(Data entries)

*** Block opens ***

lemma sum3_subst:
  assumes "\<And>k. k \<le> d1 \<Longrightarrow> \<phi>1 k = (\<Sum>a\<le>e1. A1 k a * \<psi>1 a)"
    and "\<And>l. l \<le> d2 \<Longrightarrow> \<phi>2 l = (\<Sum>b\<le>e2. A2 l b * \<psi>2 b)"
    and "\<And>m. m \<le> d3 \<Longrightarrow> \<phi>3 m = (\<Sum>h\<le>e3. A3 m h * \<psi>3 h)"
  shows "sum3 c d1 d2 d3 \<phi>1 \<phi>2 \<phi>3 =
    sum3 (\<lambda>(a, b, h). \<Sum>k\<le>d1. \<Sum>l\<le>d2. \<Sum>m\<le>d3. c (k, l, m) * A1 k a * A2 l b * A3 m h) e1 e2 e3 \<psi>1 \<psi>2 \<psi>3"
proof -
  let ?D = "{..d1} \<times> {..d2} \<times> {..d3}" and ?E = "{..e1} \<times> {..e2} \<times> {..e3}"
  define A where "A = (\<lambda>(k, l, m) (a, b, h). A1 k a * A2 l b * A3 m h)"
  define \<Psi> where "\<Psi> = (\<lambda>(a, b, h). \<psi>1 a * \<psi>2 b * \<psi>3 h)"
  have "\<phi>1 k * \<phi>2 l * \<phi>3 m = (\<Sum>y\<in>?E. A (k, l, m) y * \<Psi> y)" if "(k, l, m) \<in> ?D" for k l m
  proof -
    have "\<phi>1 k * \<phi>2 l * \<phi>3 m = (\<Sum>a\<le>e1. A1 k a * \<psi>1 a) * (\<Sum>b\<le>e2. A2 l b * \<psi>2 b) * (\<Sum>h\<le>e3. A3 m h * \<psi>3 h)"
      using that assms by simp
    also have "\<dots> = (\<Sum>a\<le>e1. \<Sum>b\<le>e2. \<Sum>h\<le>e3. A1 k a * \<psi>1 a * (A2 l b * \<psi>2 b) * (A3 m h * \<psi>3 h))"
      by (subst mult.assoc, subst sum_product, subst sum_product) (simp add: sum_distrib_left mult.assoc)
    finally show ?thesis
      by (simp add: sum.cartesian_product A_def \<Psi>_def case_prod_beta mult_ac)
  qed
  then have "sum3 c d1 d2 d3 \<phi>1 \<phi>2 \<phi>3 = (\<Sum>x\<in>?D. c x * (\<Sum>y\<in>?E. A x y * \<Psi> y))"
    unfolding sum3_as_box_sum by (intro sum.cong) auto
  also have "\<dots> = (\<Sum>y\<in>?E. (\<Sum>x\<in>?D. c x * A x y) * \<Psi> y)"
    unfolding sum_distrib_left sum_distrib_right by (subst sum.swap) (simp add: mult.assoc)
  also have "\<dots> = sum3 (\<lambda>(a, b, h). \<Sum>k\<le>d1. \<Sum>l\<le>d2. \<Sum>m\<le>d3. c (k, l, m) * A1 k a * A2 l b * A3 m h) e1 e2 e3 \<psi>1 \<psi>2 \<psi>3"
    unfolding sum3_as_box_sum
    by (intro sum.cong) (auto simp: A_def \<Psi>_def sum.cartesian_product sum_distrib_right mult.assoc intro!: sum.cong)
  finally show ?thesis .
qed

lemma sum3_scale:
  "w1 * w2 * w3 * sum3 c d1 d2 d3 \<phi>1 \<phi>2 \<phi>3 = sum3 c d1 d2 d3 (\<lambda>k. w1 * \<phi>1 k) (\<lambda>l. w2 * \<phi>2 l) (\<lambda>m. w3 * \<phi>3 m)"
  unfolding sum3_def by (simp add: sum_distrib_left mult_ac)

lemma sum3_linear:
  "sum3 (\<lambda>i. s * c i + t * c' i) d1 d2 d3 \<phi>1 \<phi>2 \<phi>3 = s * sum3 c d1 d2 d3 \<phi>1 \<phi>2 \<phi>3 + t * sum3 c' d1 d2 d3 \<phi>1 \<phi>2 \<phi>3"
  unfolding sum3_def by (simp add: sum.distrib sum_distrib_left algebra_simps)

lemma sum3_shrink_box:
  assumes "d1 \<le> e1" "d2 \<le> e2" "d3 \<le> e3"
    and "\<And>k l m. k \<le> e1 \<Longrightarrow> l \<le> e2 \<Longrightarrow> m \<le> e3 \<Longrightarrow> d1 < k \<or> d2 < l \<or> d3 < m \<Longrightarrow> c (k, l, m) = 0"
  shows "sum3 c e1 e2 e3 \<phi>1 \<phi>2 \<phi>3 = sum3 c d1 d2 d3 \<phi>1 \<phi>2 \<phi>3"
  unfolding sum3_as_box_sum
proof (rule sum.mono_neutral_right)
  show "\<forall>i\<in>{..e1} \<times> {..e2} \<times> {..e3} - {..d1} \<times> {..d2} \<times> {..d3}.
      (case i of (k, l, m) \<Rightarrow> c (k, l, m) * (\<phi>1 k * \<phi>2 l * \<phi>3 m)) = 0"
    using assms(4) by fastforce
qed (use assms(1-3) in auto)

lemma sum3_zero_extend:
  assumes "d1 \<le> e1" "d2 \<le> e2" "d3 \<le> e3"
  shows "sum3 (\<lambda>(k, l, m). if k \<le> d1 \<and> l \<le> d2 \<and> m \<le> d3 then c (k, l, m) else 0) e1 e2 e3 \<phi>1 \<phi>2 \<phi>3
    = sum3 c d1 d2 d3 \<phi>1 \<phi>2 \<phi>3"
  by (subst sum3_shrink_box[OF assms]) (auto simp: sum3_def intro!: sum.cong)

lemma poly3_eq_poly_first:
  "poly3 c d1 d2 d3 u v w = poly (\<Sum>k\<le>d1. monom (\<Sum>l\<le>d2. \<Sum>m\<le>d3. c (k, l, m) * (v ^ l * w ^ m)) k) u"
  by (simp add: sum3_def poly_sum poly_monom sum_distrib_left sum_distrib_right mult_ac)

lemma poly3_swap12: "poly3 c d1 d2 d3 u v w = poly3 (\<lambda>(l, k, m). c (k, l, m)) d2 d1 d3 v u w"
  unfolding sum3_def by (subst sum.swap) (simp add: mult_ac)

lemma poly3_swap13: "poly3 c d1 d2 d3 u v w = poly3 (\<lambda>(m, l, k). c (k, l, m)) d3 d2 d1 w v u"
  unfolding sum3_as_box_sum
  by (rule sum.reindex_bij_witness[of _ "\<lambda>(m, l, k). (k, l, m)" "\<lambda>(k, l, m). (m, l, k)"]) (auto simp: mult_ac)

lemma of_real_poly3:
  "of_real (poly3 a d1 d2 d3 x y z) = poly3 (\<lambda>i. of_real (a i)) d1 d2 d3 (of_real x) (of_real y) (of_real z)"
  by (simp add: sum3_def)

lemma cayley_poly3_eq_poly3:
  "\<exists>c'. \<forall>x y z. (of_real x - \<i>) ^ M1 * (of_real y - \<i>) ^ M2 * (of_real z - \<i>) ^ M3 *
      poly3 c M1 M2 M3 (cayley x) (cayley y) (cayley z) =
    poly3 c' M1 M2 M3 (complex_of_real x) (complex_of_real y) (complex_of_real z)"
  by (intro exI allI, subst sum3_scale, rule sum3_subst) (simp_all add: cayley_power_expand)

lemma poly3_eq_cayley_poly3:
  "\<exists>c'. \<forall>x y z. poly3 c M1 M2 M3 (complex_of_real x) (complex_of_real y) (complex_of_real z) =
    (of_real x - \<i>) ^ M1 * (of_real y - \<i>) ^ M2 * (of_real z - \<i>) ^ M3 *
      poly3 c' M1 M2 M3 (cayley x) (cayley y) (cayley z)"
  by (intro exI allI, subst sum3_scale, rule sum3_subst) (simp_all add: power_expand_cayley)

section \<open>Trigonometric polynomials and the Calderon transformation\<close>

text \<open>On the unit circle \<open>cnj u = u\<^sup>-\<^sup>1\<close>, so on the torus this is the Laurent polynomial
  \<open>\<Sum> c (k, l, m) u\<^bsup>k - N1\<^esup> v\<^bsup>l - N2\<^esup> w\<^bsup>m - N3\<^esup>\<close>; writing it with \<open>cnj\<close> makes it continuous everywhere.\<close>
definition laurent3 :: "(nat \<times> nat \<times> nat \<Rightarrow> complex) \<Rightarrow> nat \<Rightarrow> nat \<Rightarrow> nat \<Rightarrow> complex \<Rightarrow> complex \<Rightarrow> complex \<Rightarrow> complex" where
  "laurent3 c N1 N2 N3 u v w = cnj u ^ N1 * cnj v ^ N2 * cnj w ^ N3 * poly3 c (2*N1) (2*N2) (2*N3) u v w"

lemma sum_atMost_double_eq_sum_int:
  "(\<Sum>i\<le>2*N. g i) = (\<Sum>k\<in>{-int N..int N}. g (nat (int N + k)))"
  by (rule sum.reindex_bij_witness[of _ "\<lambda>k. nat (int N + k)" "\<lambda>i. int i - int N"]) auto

*** Block closes ***

• _Task_: Starting at the line that has "(auto simp: mult_ac)" in the records above, restate word for word every line until the one that has "text \<open>On the", and include that one as well.

• _Solved exercise_:
  by (rule sum.reindex_bij_witness[of _ "\<lambda>(m, l, k). (k, l, m)" "\<lambda>(k, l, m). (m, l, k)"]) (auto simp: mult_ac)

lemma of_real_poly3:
  "of_real (poly3 a d1 d2 d3 x y z) = poly3 (\<lambda>i. of_real (a i)) d1 d2 d3 (of_real x) (of_real y) (of_real z)"
  by (simp add: sum3_def)

lemma cayley_poly3_eq_poly3:
  "\<exists>c'. \<forall>x y z. (of_real x - \<i>) ^ M1 * (of_real y - \<i>) ^ M2 * (of_real z - \<i>) ^ M3 *
      poly3 c M1 M2 M3 (cayley x) (cayley y) (cayley z) =
    poly3 c' M1 M2 M3 (complex_of_real x) (complex_of_real y) (complex_of_real z)"
  by (intro exI allI, subst sum3_scale, rule sum3_subst) (simp_all add: cayley_power_expand)

lemma poly3_eq_cayley_poly3:
  "\<exists>c'. \<forall>x y z. poly3 c M1 M2 M3 (complex_of_real x) (complex_of_real y) (complex_of_real z) =
    (of_real x - \<i>) ^ M1 * (of_real y - \<i>) ^ M2 * (of_real z - \<i>) ^ M3 *
      poly3 c' M1 M2 M3 (cayley x) (cayley y) (cayley z)"
  by (intro exI allI, subst sum3_scale, rule sum3_subst) (simp_all add: power_expand_cayley)

section \<open>Trigonometric polynomials and the Calderon transformation\<close>

text \<open>On the unit circle \<open>cnj u = u\<^sup>-\<^sup>1\<close>, so on the torus this is the Laurent polynomial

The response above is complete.